Global competitors must be heaving a huge sigh of relief as news broke that national tourism body VisitBritain was dealt a 34% cut in funding. How are we, those in the UK, that is, and on the reduced dime, to successfully promote a visit here during the 2012 Olympic Games? How are we to bring economic benefit to all the businesses currently investing in the idea that there will be enough visitors to go round? The UK has slipped down the Top 10 rankings produced by the World Tourism Organisation, so understandably the industry is nervous following yesterday’s Comprehensive Spending Review announced by the government. This is what the review entails:
- Households on £48 700+ (around R540 000 and above) to lose 5.2% of income
- Around 490 000 public sector jobs expected to go
- State retirement age will be raised to 66
- Structural deﬁcit to be eliminated by 2015
- Beneﬁt payments to households to be capped
- Warning of further spending cuts or tax rises
- VAT to increase to 20% in January 2011
- Train fares to increase by 30%
- Air passenger duty increases are on the cards, but details still need to be worked out
At stake is a double-dip recession as consumers reduce their spending in the face of cuts this country has not seen since the Second World War. You can read any number of travel-related surveys, however, that will state how essential travel has become to UK consumers. It is no longer seen as a luxury apparently, but to be a beneficiary of that must surely depend on whether your hotel is in Cornwall or Camps Bay.
South Africa is in a curious place following the World Cup. The UK media were won over by the warmth of the welcome, the beautiful surroundings and unique atmosphere, but this must be balanced out in light of budget cuts.
There are market sectors still buying travel to South Africa, empty-nesters or retired who are without a housing bond or dependants, and can spend their savings on travel, but the family sector has been hard-hit, and going local is now de rigueur.
Cape Town has an advantage as it has one of the highest profiles of any world city, and when compared to the paucity of information from the rest of South Africa, will continue to be seen as a desirable destination.
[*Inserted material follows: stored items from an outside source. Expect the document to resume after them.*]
(* For every $n>3$, the only graph with $n$ vertices that is minor minimal with respect to spherical dimension $n-1$ is $K_{n-3}+\epsilon_3$; that is, $\mathbb{S}_n=\{K_{n-3}+\epsilon_3\}$.
   Context: All graphs are finite and simple; $\epsilon_3$ is the graph with three vertices and no edges, and $G+H$ is obtained from disjoint copies of $G$ and $H$ by adding all edges between them. A minor of $G$ is a graph obtained by a sequence of vertex deletions, edge deletions and edge contractions (discarding loops and multiple edges). A unit-distance embedding of $G$ in $\mathbb{R}^n$ is an injective map $f$ from the vertex set to $\mathbb{R}^n$ with $|f(u)-f(v)|=1$ for every edge $uv$ and no $f(w)$ on the segment $[f(u),f(v)]$ for an edge $uv$ with $w\notin\{u,v\}$. $G$ admits a spherical embedding of dimension $k$ and radius $r$ if $G$ has a unit-distance embedding in $\mathbb{R}^k$ all of whose vertices lie on a sphere $\{x\in\mathbb{R}^k:|x-c|=r\}$. $\operatorname{sdim}G$ is the least $k$ such that $G$ admits a spherical embedding of dimension $k$ and some radius $r<1$. $G$ is minor minimal with respect to spherical dimension $d$ if $\operatorname{sdim}G=d$ and every proper minor of $G$ has spherical dimension less than $d$. $\mathbb{S}_n$ denotes the set of $n$-vertex graphs that are minor minimal with respect to spherical dimension $n-1$. *)

theory Defs
  imports Complex_Main
begin

definition simple_graph :: "'a set \<Rightarrow> 'a set set \<Rightarrow> bool" where
  "simple_graph V E \<longleftrightarrow> finite V \<and>
     (\<forall>e\<in>E. \<exists>u v. e = {u, v} \<and> u \<noteq> v \<and> u \<in> V \<and> v \<in> V)"

definition graph_iso :: "'a set \<Rightarrow> 'a set set \<Rightarrow> 'b set \<Rightarrow> 'b set set \<Rightarrow> bool" where
  "graph_iso V E V' E' \<longleftrightarrow> (\<exists>\<phi>. bij_betw \<phi> V V' \<and>
     (\<forall>u\<in>V. \<forall>v\<in>V. {u, v} \<in> E \<longleftrightarrow> {\<phi> u, \<phi> v} \<in> E'))"

text \<open>The graph \<open>K_{n-3} + \<epsilon>_3\<close> on vertex set {0..<n}: vertices n-3, n-2, n-1 form
the independent set \<open>\<epsilon>_3\<close>, all other pairs of distinct vertices are adjacent.\<close>

definition K_plus_eps3_V :: "nat \<Rightarrow> nat set" where
  "K_plus_eps3_V n = {0..<n}"

definition K_plus_eps3_E :: "nat \<Rightarrow> nat set set" where
  "K_plus_eps3_E n = {{i, j} | i j. i < n \<and> j < n \<and> i \<noteq> j \<and> (i < n - 3 \<or> j < n - 3)}"

definition delete_vertex :: "'a \<Rightarrow> 'a set \<times> 'a set set \<Rightarrow> 'a set \<times> 'a set set" where
  "delete_vertex v G = (fst G - {v}, {e \<in> snd G. v \<notin> e})"

definition delete_edge :: "'a set \<Rightarrow> 'a set \<times> 'a set set \<Rightarrow> 'a set \<times> 'a set set" where
  "delete_edge e G = (fst G, snd G - {e})"

text \<open>Contract the edge uv: v is merged into u (loops and multiple edges discarded).\<close>
definition contract_edge :: "'a \<Rightarrow> 'a \<Rightarrow> 'a set \<times> 'a set set \<Rightarrow> 'a set \<times> 'a set set" where
  "contract_edge u v G = (fst G - {v},
     {e \<in> snd G. v \<notin> e} \<union> {{u, w} | w. {v, w} \<in> snd G \<and> w \<noteq> u})"

inductive minor_step :: "'a set \<times> 'a set set \<Rightarrow> 'a set \<times> 'a set set \<Rightarrow> bool" where
  del_v: "v \<in> fst G \<Longrightarrow> minor_step G (delete_vertex v G)"
| del_e: "e \<in> snd G \<Longrightarrow> minor_step G (delete_edge e G)"
| contr: "{u, v} \<in> snd G \<Longrightarrow> u \<noteq> v \<Longrightarrow> minor_step G (contract_edge u v G)"

definition proper_minor :: "'a set \<times> 'a set set \<Rightarrow> 'a set \<times> 'a set set \<Rightarrow> bool" where
  "proper_minor H G \<longleftrightarrow> minor_step\<^sup>+\<^sup>+ G H"

text \<open>Points of R^k are represented as functions nat \<Rightarrow> real vanishing from index k on.\<close>

definition in_R :: "nat \<Rightarrow> (nat \<Rightarrow> real) \<Rightarrow> bool" where
  "in_R k x \<longleftrightarrow> (\<forall>i\<ge>k. x i = 0)"

definition distR :: "nat \<Rightarrow> (nat \<Rightarrow> real) \<Rightarrow> (nat \<Rightarrow> real) \<Rightarrow> real" where
  "distR k x y = sqrt (\<Sum>i<k. (x i - y i)\<^sup>2)"

definition unit_distance_embedding ::
    "'a set \<Rightarrow> 'a set set \<Rightarrow> nat \<Rightarrow> ('a \<Rightarrow> nat \<Rightarrow> real) \<Rightarrow> bool" where
  "unit_distance_embedding V E k f \<longleftrightarrow>
     inj_on f V \<and> (\<forall>v\<in>V. in_R k (f v)) \<and>
     (\<forall>u v. {u, v} \<in> E \<longrightarrow> distR k (f u) (f v) = 1) \<and>
     (\<forall>u v w. {u, v} \<in> E \<longrightarrow> w \<in> V \<longrightarrow> w \<noteq> u \<longrightarrow> w \<noteq> v \<longrightarrow>
        \<not> (\<exists>t::real. 0 \<le> t \<and> t \<le> 1 \<and> f w = (\<lambda>i. (1 - t) * f u i + t * f v i)))"

definition spherical_embedding :: "'a set \<Rightarrow> 'a set set \<Rightarrow> nat \<Rightarrow> real \<Rightarrow> bool" where
  "spherical_embedding V E k r \<longleftrightarrow>
     (\<exists>f c. unit_distance_embedding V E k f \<and> in_R k c \<and>
        (\<forall>v\<in>V. distR k (f v) c = r))"

definition sdim :: "'a set \<Rightarrow> 'a set set \<Rightarrow> nat" where
  "sdim V E = (LEAST k. \<exists>r<1. spherical_embedding V E k r)"

definition minor_minimal_sdim :: "'a set \<Rightarrow> 'a set set \<Rightarrow> nat \<Rightarrow> bool" where
  "minor_minimal_sdim V E d \<longleftrightarrow> sdim V E = d \<and>
     (\<forall>V' E'. proper_minor (V', E') (V, E) \<longrightarrow> sdim V' E' < d)"

end

(* Call a 3-set Q of vertices a cover of the non-edges if every non-adjacent pair lies in Q.
   If G has such a Q, centre a spherical embedding f at the centre of its sphere: the vectors
   f p of the n - 3 vertices p outside Q have Gram matrix (r^2 - g) I + g J with r^2 - g = 1/2,
   which is nonsingular, and they are orthogonal to the chords f q1 - f q2 and f q1 - f q3 of Q.
   Three points of a sphere are never collinear, so these n - 1 vectors are linearly independent
   and sdim G >= n - 1.
   On the other hand sdim G <= n - 2 if G has two disjoint non-adjacent pairs (a cross-polytope
   embedding), a vertex with three non-neighbours (an explicit configuration), or fewer than n
   vertices (a regular simplex); and a graph with neither of the first two features has a cover
   of its non-edges. Hence a minor-minimal G with sdim G = n - 1 has a cover Q, and Q must be
   independent since deleting the edges inside Q keeps sdim at n - 1: G = K_{n-3} + e_3.
   Conversely every proper minor of K_{n-3} + e_3 has fewer vertices or misses an edge, and a
   missing edge creates one of the two features. *)

theory Submission
  imports Defs "HOL-Library.Function_Algebras"
begin

definition sqdistR :: "nat \<Rightarrow> (nat \<Rightarrow> real) \<Rightarrow> (nat \<Rightarrow> real) \<Rightarrow> real" where
  "sqdistR k x y = (\<Sum>i<k. (x i - y i)\<^sup>2)"

lemma distR_eq_sqrt_sqdistR: "distR k x y = sqrt (sqdistR k x y)"
  by (simp add: distR_def sqdistR_def)

lemma sqdistR_nonneg: "sqdistR k x y \<ge> 0"
  unfolding sqdistR_def by (intro sum_nonneg) auto

lemma sqdistR_commute: "sqdistR k x y = sqdistR k y x"
  unfolding sqdistR_def by (simp add: power2_commute)

lemma sqdistR_scale: "sqdistR k (\<lambda>i. c * x i) (\<lambda>i. c * y i) = c\<^sup>2 * sqdistR k x y"
  unfolding sqdistR_def by (simp add: sum_distrib_left power2_eq_square algebra_simps)

lemma sqdistR_eq_0_imp_eq:
  assumes "in_R k x" "in_R k y" "sqdistR k x y = 0"
  shows "x = y"
proof
  fix i
  have "\<forall>j\<in>{..<k}. (x j - y j)\<^sup>2 = 0"
    using assms(3) unfolding sqdistR_def by (subst sum_nonneg_eq_0_iff[symmetric]) auto
  then show "x i = y i"
    using assms(1,2) by (cases "i < k") (auto simp: in_R_def)
qed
I would suggest giving lesser-known products in the region a higher profile when communicating with the UK, however, giving new and compelling reasons to visit throughout the year. (I think those poor penguins need some time off from the tourists!)
Messages to the UK market sectors must also be about affordability and value for money (which is not the same as budget), and compare the cost of travelling to other long-haul destinations such as Australia, Brazil, USA, Thailand, Sri Lanka and Caribbean.